Они выпили и согрелись. Она была розовая и вовсе не такая зануда, как в библиотеке, – и лицо хорошее, и бок мягкий. Она сама первая его поцеловала, но они продолжали все так же сидеть и разговаривать – обо всем. Он спросил, счастлива ли она, и она сказала, что да, очень часто: и здесь, вечерами, даже одна – с книгами, музыкой, – и там, на работе.
– Я была, например, счастлива сегодня, когда ты нашел карандаш, а я поняла, откуда он… Я все себе очень четко представила.
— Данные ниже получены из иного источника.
(* Let $C>0$. Let $G=(V,E)$ be a graph with $n:=|V|\sim CM\log M$ (as $M\to\infty$), and let $\Phi$ be an $M\times n$ matrix with columns $\{\varphi_i\}_{i\in V}$ whose entries are drawn independently from $\mathbb{C}\mathcal{N}(0,\frac1M)$. Then for each proportion $\alpha<1-\frac{1}{2C}$ there exists a constant $C'>0$ such that, with overwhelming probability, \[ \max\Big\{\|\varepsilon\|_2,\ \sqrt{M}\,\mathrm{PUN}(\Phi;\alpha,\varepsilon)\Big\}\geq\frac{C'}{\sqrt{M}} \] for every noise vector $\varepsilon=\{\varepsilon_{ij}\}_{\{i,j\}\in E}$ of complex numbers.
   Context: $\mathbb{C}\mathcal{N}(0,\sigma^2)$ is the complex Gaussian with independent $\mathcal{N}(0,\sigma^2/2)$ real and imaginary parts. "With overwhelming probability" means with probability at least $1-c_0\mathrm{e}^{-c_1M}$ for constants $c_0,c_1>0$ independent of $M$. Algorithm 1 (pruning for reliability): given a graph $G=(V,E)$, $f:E\to\mathbb{R}$ and $\alpha\in(0,1)$, starting from $H=G$ repeat $\lfloor(1-\alpha)|V|\rfloor$ times: find an edge $\{i,j\}$ of $H$ minimizing $f$ and delete both vertices $i,j$ from $H$. Projective uniformity with noise: for $\alpha\in(0,1)$, $x\in\mathbb{C}^M$ and $\varepsilon$, let $\mathcal{J}(\alpha,x,\varepsilon)$ be the set of vertices remaining after applying Algorithm 1 with $f(i,j)=|\overline{\langle x,\varphi_i\rangle}\langle x,\varphi_j\rangle+\varepsilon_{ij}|$. Then \[ \mathrm{PUN}(\Phi;\alpha,\varepsilon)=\min_{x\in\mathbb{C}^M,\ \|x\|=1}\ \min_{\{i,j\}\in E,\ i,j\in\mathcal{J}(\alpha,x,\varepsilon)}|\overline{\langle x,\varphi_i\rangle}\langle x,\varphi_j\rangle+\varepsilon_{ij}|. \] *)

theory Defs
  imports "HOL-Probability.Probability" "HOL-Library.Landau_Symbols"
begin

text \<open>Vectors in C^M are functions nat => complex; only coordinates k < M matter.
  An M x n matrix is a function on index pairs (row k, column i).\<close>

definition cinner :: "nat \<Rightarrow> (nat \<Rightarrow> complex) \<Rightarrow> (nat \<Rightarrow> complex) \<Rightarrow> complex" where
  "cinner M x y = (\<Sum>k<M. x k * cnj (y k))"

definition col :: "(nat \<times> nat \<Rightarrow> complex) \<Rightarrow> nat \<Rightarrow> (nat \<Rightarrow> complex)" where
  "col \<Phi> i = (\<lambda>k. \<Phi> (k, i))"

text \<open>Edges are 2-element sets {i,j}; oriented with i = Min e < j = Max e.\<close>
definition fval :: "nat \<Rightarrow> (nat \<times> nat \<Rightarrow> complex) \<Rightarrow> (nat \<Rightarrow> complex) \<Rightarrow> (nat set \<Rightarrow> complex)
    \<Rightarrow> nat set \<Rightarrow> complex" where
  "fval M \<Phi> x \<epsilon> e = cnj (cinner M x (col \<Phi> (Min e))) * cinner M x (col \<Phi> (Max e)) + \<epsilon> e"

text \<open>One step of Algorithm 1 on the current vertex set H: delete both endpoints of an
  edge of the induced subgraph minimising f (any minimiser); if no edge remains, nothing happens.\<close>
definition prune_step :: "nat set set \<Rightarrow> (nat set \<Rightarrow> real) \<Rightarrow> nat set \<Rightarrow> nat set \<Rightarrow> bool" where
  "prune_step E f H H' \<longleftrightarrow>
     (\<exists>e\<in>E. e \<subseteq> H \<and> (\<forall>e'\<in>E. e' \<subseteq> H \<longrightarrow> f e \<le> f e') \<and> H' = H - e)
   \<or> ((\<forall>e\<in>E. \<not> e \<subseteq> H) \<and> H' = H)"

definition pruned_sets :: "nat set \<Rightarrow> nat set set \<Rightarrow> (nat set \<Rightarrow> real) \<Rightarrow> real \<Rightarrow> nat set set" where
  "pruned_sets V E f \<alpha> = {J. (prune_step E f ^^ nat \<lfloor>(1 - \<alpha>) * real (card V)\<rfloor>) V J}"

text \<open>Projective uniformity with noise (minimum over the empty set is +infinity;
  worst case over tie-breaking in Algorithm 1).\<close>
definition PUN :: "nat \<Rightarrow> nat \<Rightarrow> nat set set \<Rightarrow> (nat \<times> nat \<Rightarrow> complex) \<Rightarrow> real
    \<Rightarrow> (nat set \<Rightarrow> complex) \<Rightarrow> ereal" where
  "PUN M n E \<Phi> \<alpha> \<epsilon> =
    (INF x \<in> {x. (\<Sum>k<M. (cmod (x k))\<^sup>2) = 1}.
      INF J \<in> pruned_sets {..<n} E (\<lambda>e. cmod (fval M \<Phi> x \<epsilon> e)) \<alpha>.
        INF e \<in> {e\<in>E. e \<subseteq> J}. ereal (cmod (fval M \<Phi> x \<epsilon> e)))"

definition noise_norm :: "nat set set \<Rightarrow> (nat set \<Rightarrow> complex) \<Rightarrow> real" where
  "noise_norm E \<epsilon> = sqrt (\<Sum>e\<in>E. (cmod (\<epsilon> e))\<^sup>2)"

text \<open>Complex Gaussian CN(0, s2): independent real and imaginary parts N(0, s2/2).\<close>
definition CN :: "real \<Rightarrow> complex measure" where
  "CN s2 = distr (density lborel (normal_density 0 (sqrt (s2 / 2)))
                  \<Otimes>\<^sub>M density lborel (normal_density 0 (sqrt (s2 / 2))))
             borel (\<lambda>(a, b). Complex a b)"

definition gauss_matrix :: "nat \<Rightarrow> nat \<Rightarrow> (nat \<times> nat \<Rightarrow> complex) measure" where
  "gauss_matrix M n = PiM ({..<M} \<times> {..<n}) (\<lambda>_. CN (1 / real M))"

end

(*
  For a fixed unit vector x the inner products <x, phi_i> are independent complex Gaussians of
  variance 1/M, so a column is small (|<x, phi_i>|^2 < delta/M) only with a small constant
  probability r0, and more than eta*n small columns occur with probability at most
  2^n r0^(eta n) <= exp(-(10/C) n).  As n ~ C M log M, this beats a union bound over a net of
  size exp(O(M log M)) on the unit sphere; counting columns with a large entry as bad makes the
  net approximation uniform in x.

  Deterministically, suppose at most floor((1-alpha) n) - M columns are small and
  ||epsilon|| < delta/(2 sqrt M).  An edge surviving the pruning with value below delta/(2M)
  gives floor((1-alpha) n) + 1 pairwise disjoint edges of value below delta/(2M).  Disjointness
  lets at most #small of them touch a small vertex; each of the others has two large endpoints,
  hence |epsilon_e| > delta/(2M), and there are fewer than M such edges.
*)

theory Submission
  imports Defs
begin

section \<open>Real and complex Gaussians\<close>

definition normal_measure :: "real \<Rightarrow> real measure" where
  "normal_measure \<sigma> = density lborel (normal_density 0 \<sigma>)"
Он ведь был намного старше своей Елизаветы, Василий Андреевич, лет на сорок, и он был потрясен, когда выяснилось, что она давно его любит, с детства… Потом все пошло хуже – она болела, ударилась в мистику, он не мог уехать в Россию, а в доме все говорили по-немецки. Приезжал Гоголь, тоже очень грустный – в хандре, в исступлении… Зима, дождь. Пустой замок, ей все чудятся привидения, и вот он читает путеводитель, мечтает, как летние горы потянутся по сторонам…
– Он был влюблен, он добился счастья и он стал несчастен?
– Что ж, целый год он был счастлив. А если б и не год – если б неделю, что с того? Мы вовсе не рождены, чтоб быть всегда счастливыми. Как птица для полета – это очередная глупость Максимыча. Есть, конечно, такие беззаботные птахи, но не здесь, не в наших краях – может, какие-нибудь там неаполитанцы…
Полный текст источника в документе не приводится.